The Conservative Party has not yet responded to requests for a comment.



Just love the proposed policies of the political parties as so citied.

Reminded me of that infamous Friday a week or so ago.

River Ryton flowing past my abode ... upto 2 feet deep ... someone throws a sandbag in ... " That will stop the flow ! "

Dream on ...
TAPERS ... and ... how much you could lose for every extra £ 1 earned :


Bonus blow for Greggs staff prompts call for benefit and tax rethink.

Some workers who are on universal credit could keep just £75 of the £300 payout.


Morgan calculated that under current tax and benefit rules, a worker earning less than the tax and NI thresholds of £8,632 a year would typically be left with £111 of the £300 bonus. One earning more than that but less than the upper threshold of £12,500 a year would get just £97.68 while a worker on more than £12,500 a year would end up with £75.48.

Universal credit originally aimed to incentivise claimants to earn more by introducing a work allowance allowing them to keep hold of more of their benefits as their income rose. However, this was cut in 2015, and only partly restored. Claimants’ earnings over and above this allowance are in effect reclaimed at a 63% taper rate.

Torsten Bell, the chief executive of the Resolution Foundation thinktank, said: “While workers on universal credit could lose up to £225 of their £300 cash bonus, that is an argument for the government to lower the taper rate in universal credit, rather than for employers to stop paying their staff more.”


The rise of in-work poverty has become a salient feature of the UK economy in recent years. JRF estimates that stagnant wages and welfare cuts mean about 4 million people are living below the breadline despite being in a job, meaning about one in eight people in the economy were now classified as working poor.
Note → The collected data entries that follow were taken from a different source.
lemma esup_minus_einf_unit_clip_le:
  assumes I: "lebesgue_positive I" and u: "ess_bounded_on I u"
  shows "esup I (\<lambda>y. unit_clip (u y)) - einf I (\<lambda>y. unit_clip (u y)) \<le> esup I u - einf I u"
proof -
  have c: "ess_bounded_on I (\<lambda>y. unit_clip (u y))"
    by (intro ess_bounded_onI[of _ 1] abs_unit_clip_le)
  let ?S = "esup I u" and ?I = "einf I u"
  have AE: "AE y in lebesgue. y \<in> I \<longrightarrow> ?I \<le> u y \<and> u y \<le> ?S"
    using AE_le_esup[OF I u] AE_einf_le[OF I u] by eventually_elim auto
  have "esup I (\<lambda>y. unit_clip (u y)) \<le> unit_clip ?S"
    using AE by (intro esup_least[OF I c]) (auto elim!: eventually_mono simp: unit_clip_def)
  moreover have "unit_clip ?I \<le> einf I (\<lambda>y. unit_clip (u y))"
    using AE by (intro einf_greatest[OF I c]) (auto elim!: eventually_mono simp: unit_clip_def)
  moreover have "?I \<le> ?S"
    by (rule einf_le_esup[OF I u])
  ultimately show ?thesis
    by (auto simp: unit_clip_def max_def min_def split: if_splits)
qed

lemma W_nonneg: "hyp_H W \<Longrightarrow> 0 \<le> W t"
  unfolding hyp_H_def by (cases "t = 1 \<or> t = -1") (auto intro: less_imp_le)

lemma W_antimono_on_0_1:
  assumes H: "hyp_H W" and st: "0 \<le> s" "s \<le> t" "t \<le> 1"
  shows "W t \<le> W s"
proof (rule ccontr)
  assume "\<not> W t \<le> W s"
  have "continuous_on {s..1} W"
    using H unfolding hyp_H_def by (auto intro: continuous_on_subset)
  then obtain p where p: "p \<in> {s..1}" "\<forall>y\<in>{s..1}. W y \<le> W p"
    using continuous_attains_sup[OF compact_Icc _ \<open>continuous_on {s..1} W\<close>] st by auto
  have "W s < W p"
    using \<open>\<not> W t \<le> W s\<close> p(2)[rule_format, of t] st by auto
  moreover have "W 1 = 0"
    using H unfolding hyp_H_def by auto
  ultimately have "p \<noteq> s" "p \<noteq> 1"
    using W_nonneg[OF H, of s] by auto
  \<comment> \<open>an interior maximum on \<open>[s,1]\<close> is a local maximum on \<open>[-1,1]\<close>, hence it is \<open>0\<close>\<close>
  have "\<exists>e>0. \<forall>q\<in>{-1..1}. \<bar>q - p\<bar> < e \<longrightarrow> W q \<le> W p"
  proof (intro exI[of _ "min (p - s) (1 - p)"] conjI ballI impI)
    show "0 < min (p - s) (1 - p)"
      using p(1) \<open>p \<noteq> s\<close> \<open>p \<noteq> 1\<close> by auto
  next
    fix q assume "q \<in> {-1..1}" "\<bar>q - p\<bar> < min (p - s) (1 - p)"
    then show "W q \<le> W p"
      using p by auto
  qed
  moreover have "p \<in> {-1..1}"
    using p(1) st by auto
  ultimately have "p = 0"
    using H unfolding hyp_H_def by blast
  with p(1) \<open>p \<noteq> s\<close> st show False
    by auto
qed

lemma W_le_of_abs_le:
  assumes H: "hyp_H W" and st: "\<bar>s\<bar> \<le> \<bar>t\<bar>" "\<bar>t\<bar> \<le> 1"
  shows "W t \<le> W s"
proof -
  have even: "W \<bar>y\<bar> = W y" if "\<bar>y\<bar> \<le> 1" for y
    using H that by (cases "y < 0") (auto simp: hyp_H_def)
  show ?thesis
    using W_antimono_on_0_1[OF H, of "\<bar>s\<bar>" "\<bar>t\<bar>"] even[of s] even[of t] st by auto
qed

lemma W_unit_clip_le:
  assumes H: "hyp_H W"
  shows "W (unit_clip t) \<le> W t"
proof (cases "t \<in> {-1..1}")
  case True
  then have "unit_clip t = t"
    by (auto simp: unit_clip_def max_def min_def)
  then show ?thesis
    by simp
next
  case False
  then have "W (unit_clip t) = 0"
    using H by (auto simp: hyp_H_def unit_clip_def max_def min_def)
  then show ?thesis
    using W_nonneg[OF H] by simp
qed

section \<open>The outward running supremum\<close>

definition outward_sup :: "(real \<Rightarrow> real) \<Rightarrow> real \<Rightarrow> real \<Rightarrow> real" where
  "outward_sup w x0 y =
     (if y < x0 then - esup {y<..<x0} w else if y = x0 then 0 else esup {x0<..<y} w)"

lemma esup_Ioo_nonneg_bounded:
  assumes w: "\<And>y. 0 \<le> w y" "\<And>y. w y \<le> M" and ab: "a < b"
  shows "0 \<le> esup {a<..<b} w" "esup {a<..<b} w \<le> M"
proof -
  have b: "ess_bounded_on {a<..<b} w"
    using w by (intro ess_bounded_onI[of w M]) (simp add: abs_of_nonneg)
  show "0 \<le> esup {a<..<b} w"
    using w(1) by (intro esup_geI[OF lebesgue_positive_Ioo[OF ab] b lebesgue_positive_Ioo[OF ab]]) auto
  show "esup {a<..<b} w \<le> M"
    using w(2) by (intro esup_leI[OF lebesgue_positive_Ioo[OF ab] b])
qed

lemma abs_outward_sup_le:
  assumes "\<And>y. 0 \<le> w y" "\<And>y. w y \<le> M"
  shows "\<bar>outward_sup w x0 y\<bar> \<le> M"
  using esup_Ioo_nonneg_bounded[of w M, OF assms] assms[of 0] by (auto simp: outward_sup_def)

lemma outward_sup_nonneg:
  assumes "\<And>y. 0 \<le> w y" "\<And>y. w y \<le> M" "x0 \<le> y"
  shows "0 \<le> outward_sup w x0 y"
  using assms esup_Ioo_nonneg_bounded(1)[of w M x0 y, OF assms(1,2)] by (simp add: outward_sup_def)

lemma outward_sup_nonpos:
  assumes "\<And>y. 0 \<le> w y" "\<And>y. w y \<le> M" "y \<le> x0"
  shows "outward_sup w x0 y \<le> 0"
  using assms esup_Ioo_nonneg_bounded(1)[of w M y x0, OF assms(1,2)] by (simp add: outward_sup_def)

lemma mono_outward_sup:
  assumes w: "\<And>y. 0 \<le> w y" "\<And>y. w y \<le> M"
  shows "mono (outward_sup w x0)"
proof (rule monoI)
  have wM: "\<bar>w y\<bar> \<le> M" for y
    using w[of y] by simp
  fix y1 y2 :: real assume "y1 \<le> y2"
  consider "y2 < x0" | "y1 \<le> x0" "x0 \<le> y2" | "x0 < y1"
    by linarith
  then show "outward_sup w x0 y1 \<le> outward_sup w x0 y2"
  proof cases
    case 1
    with \<open>y1 \<le> y2\<close> have "esup {y2<..<x0} w \<le> esup {y1<..<x0} w"
      by (intro esup_Ioo_mono[OF _ _ _ wM]) auto
    with 1 \<open>y1 \<le> y2\<close> show ?thesis
      by (simp add: outward_sup_def)
  next
    case 2
    then show ?thesis
      using outward_sup_nonpos[of w M y1 x0, OF w] outward_sup_nonneg[of w M x0 y2, OF w] by linarith
  next
    case 3
    with \<open>y1 \<le> y2\<close> have "esup {x0<..<y1} w \<le> esup {x0<..<y2} w"
      by (intro esup_Ioo_mono[OF _ _ _ wM]) auto
    with 3 \<open>y1 \<le> y2\<close> show ?thesis
      by (simp add: outward_sup_def)
  qed
qed

lemma outward_sup_reflect:
  "outward_sup (\<lambda>y. w (- y)) (- x0) y = - outward_sup w x0 (- y)"
  by (simp add: outward_sup_def esup_Ioo_reflect)

lemma outward_sup_le_esup_Ioo:
  assumes w: "\<And>y. 0 \<le> w y" "\<And>y. w y \<le> M" and "y \<le> b" "x0 < b"
  shows "outward_sup w x0 y \<le> esup {x0<..<b} w"
proof (cases "x0 < y")
  case True
  have "esup {x0<..<y} w \<le> esup {x0<..<b} w"
    using True assms w by (intro esup_Ioo_mono[of _ _ _ _ w M]) auto
  with True show ?thesis
    by (simp add: outward_sup_def)
next
  case False
  then show ?thesis
    using outward_sup_nonpos[of w M y x0, OF w] esup_Ioo_nonneg_bounded(1)[of w M x0 b, OF w] assms
    by simp
qed

lemma outward_sup_ge_neg_esup_Ioo:
  assumes w: "\<And>y. 0 \<le> w y" "\<And>y. w y \<le> M" and "a \<le> y" "a < x0"
  shows "- esup {a<..<x0} w \<le> outward_sup w x0 y"
proof (cases "y < x0")
  case True
  have "esup {y<..<x0} w \<le> esup {a<..<x0} w"
    using True assms w by (intro esup_Ioo_mono[of _ _ _ _ w M]) auto
  with True show ?thesis
    by (simp add: outward_sup_def)
next
  case False
  then show ?thesis
    using outward_sup_nonneg[of w M x0 y, OF w] esup_Ioo_nonneg_bounded(1)[of w M a x0, OF w] assms
    by simp
qed

lemma AE_le_abs_outward_sup:
  assumes w: "\<And>y. 0 \<le> w y" "\<And>y. w y \<le> M"
  shows "AE y in lebesgue. w y \<le> \<bar>outward_sup w x0 y\<bar>"
proof -
  have wM: "\<bar>w y\<bar> \<le> M" for y
    using w[of y] by simp
  have "AE y in lebesgue. y \<noteq> x0"
    by (rule AE_completion[OF AE_lborel_singleton])
  with AE_le_esup_Ioo_left[of w M, OF wM, of x0] AE_le_esup_Ioo_right[of w M, OF wM, of x0]
  show ?thesis
  proof eventually_elim
    case (elim y)
    then consider "y < x0" | "x0 < y"
      by linarith
    then show ?case
      using elim esup_Ioo_nonneg_bounded[of w M, OF w] by cases (auto simp: outward_sup_def)
  qed
qed

lemma outward_sup_eq_lower:
  assumes w: "\<And>y. 0 \<le> w y" "\<And>y. w y \<le> M" and "AE y in lebesgue. y < a \<longrightarrow> M \<le> w y"
    and "y < a" "a \<le> x0"
  shows "outward_sup w x0 y = - M"
proof -
  have "M \<le> esup {y<..<x0} w"
    using assms w by (intro esup_geI[OF lebesgue_positive_Ioo _ lebesgue_positive_Ioo[of y a]]
        ess_bounded_onI[of w M]) (auto simp: abs_of_nonneg elim!: eventually_mono)
  then show ?thesis
    using esup_Ioo_nonneg_bounded[of w M, OF w, of y x0] assms by (simp add: outward_sup_def)
qed

lemma outward_sup_eq_upper:
  assumes w: "\<And>y. 0 \<le> w y" "\<And>y. w y \<le> M" and "AE y in lebesgue. b < y \<longrightarrow> M \<le> w y"
    and "b < y" "x0 \<le> b"
  shows "outward_sup w x0 y = M"
proof -
  have "M \<le> esup {x0<..<y} w"
    using assms w by (intro esup_geI[OF lebesgue_positive_Ioo _ lebesgue_positive_Ioo[of b y]]
        ess_bounded_onI[of w M]) (auto simp: abs_of_nonneg elim!: eventually_mono)
  then show ?thesis
    using esup_Ioo_nonneg_bounded[of w M, OF w, of x0 y] assms by (simp add: outward_sup_def)
qed

lemma esup_minus_einf_outward_sup_inside:
  assumes w: "\<And>y. 0 \<le> w y" "\<And>y. w y \<le> M" and x0: "x - r < x0" "x0 < x + r"
  shows "esup {x-r<..<x+r} (outward_sup w x0) - einf {x-r<..<x+r} (outward_sup w x0)
    \<le> esup {x0<..<x+r} w + esup {x-r<..<x0} w"
proof -
  let ?W = "{x-r<..<x+r}" and ?v = "outward_sup w x0"
  have W: "lebesgue_positive ?W" "ess_bounded_on ?W ?v"
    using x0 abs_outward_sup_le[of w M, OF w] by (auto intro!: lebesgue_positive_Ioo ess_bounded_onI)
  have "esup ?W ?v \<le> esup {x0<..<x+r} w"
    using x0 by (intro esup_leI[OF W] outward_sup_le_esup_Ioo[of w M, OF w]) auto
  moreover have "- esup {x-r<..<x0} w \<le> einf ?W ?v"
    using x0 by (intro einf_geI[OF W] outward_sup_ge_neg_esup_Ioo[of w M, OF w]) auto
  ultimately show ?thesis
    by linarith
qed

lemma esup_minus_einf_outward_sup_right:
  assumes w: "\<And>y. 0 \<le> w y" "\<And>y. w y \<le> M" and r: "0 < r" and x0: "x0 \<le> x - r"
  shows "esup {x-r<..<x+r} (outward_sup w x0) - einf {x-r<..<x+r} (outward_sup w x0)
    \<le> esup {x-r<..<x+r} w - einf {x-r<..<x+r} w"
proof -
  let ?W = "{x-r<..<x+r}" and ?v = "outward_sup w x0"
  have wM: "\<bar>w y\<bar> \<le> M" for y
    using w[of y] by simp
  have W: "lebesgue_positive ?W" "ess_bounded_on ?W ?v" "ess_bounded_on ?W w"
    using r abs_outward_sup_le[of w M, OF w] wM by (auto intro!: lebesgue_positive_Ioo ess_bounded_onI)
  have v: "?v y = esup {x0<..<y} w" if "y \<in> ?W" for y
    using that x0 by (simp add: outward_sup_def)
  have inf_le: "einf ?W w \<le> einf ?W ?v"
  proof (rule einf_geI[OF W(1,2)])
    fix y assume y: "y \<in> ?W"
    have "AE z in lebesgue. z \<in> {x-r<..<y} \<longrightarrow> einf ?W w \<le> w z"
      using AE_einf_le[OF W(1,3)] y by (auto elim!: eventually_mono)
    with y x0 show "einf ?W w \<le> ?v y"
      unfolding v[OF y] by (intro esup_geI[OF lebesgue_positive_Ioo ess_bounded_onI[of w M, OF wM]
          lebesgue_positive_Ioo[of "x - r" y]]) auto
  qed
  have sup_le: "esup ?W ?v \<le> esup {x0<..<x+r} w"
    using x0 by (intro esup_leI[OF W(1,2)]) (auto simp: v intro!: esup_Ioo_mono[OF _ _ _ wM])
  have "einf ?W w \<le> esup ?W w"
    by (rule einf_le_esup[OF W(1,3)])
  consider "x0 = x - r" | "x0 < x - r"
    using x0 by linarith
  then have "esup {x0<..<x+r} w - einf ?W ?v \<le> esup ?W w - einf ?W w"
  proof cases
    case 1
    with inf_le show ?thesis
      by simp
  next
    case 2
    let ?A = "esup {x0<..<x-r} w"
    have "esup {x0<..<x+r} w \<le> max ?A (esup ?W w)"
      using 2 r by (intro esup_le_max_of_cover[OF _ _ _ _ wM, of _ _ _ "x - r"] lebesgue_positive_Ioo) auto
    moreover have "?A \<le> einf ?W ?v"
      using 2 by (intro einf_geI[OF W(1,2)]) (auto simp: v intro!: esup_Ioo_mono[OF _ _ _ wM])
    ultimately show ?thesis
      using inf_le \<open>einf ?W w \<le> esup ?W w\<close> unfolding le_max_iff_disj by (elim disjE) linarith+
  qed
  with sup_le show ?thesis
    by linarith
qed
Fine for CUK to follow the DWP's lead for eveyone to find work as a way out of " Poverty " but ...

The odds are heavily stacked up against you doing so ... even a few more hours ... with effective rates of loss of other benefits entered into the equation.

For carers ... even more ... that £ 123 weekly limit and still claim Carers Allowance ... being the most notorious.

Time for CUK to spell out the REAL reality of " Juggling caring with work " ... !!!!!!!!!!!!!!!!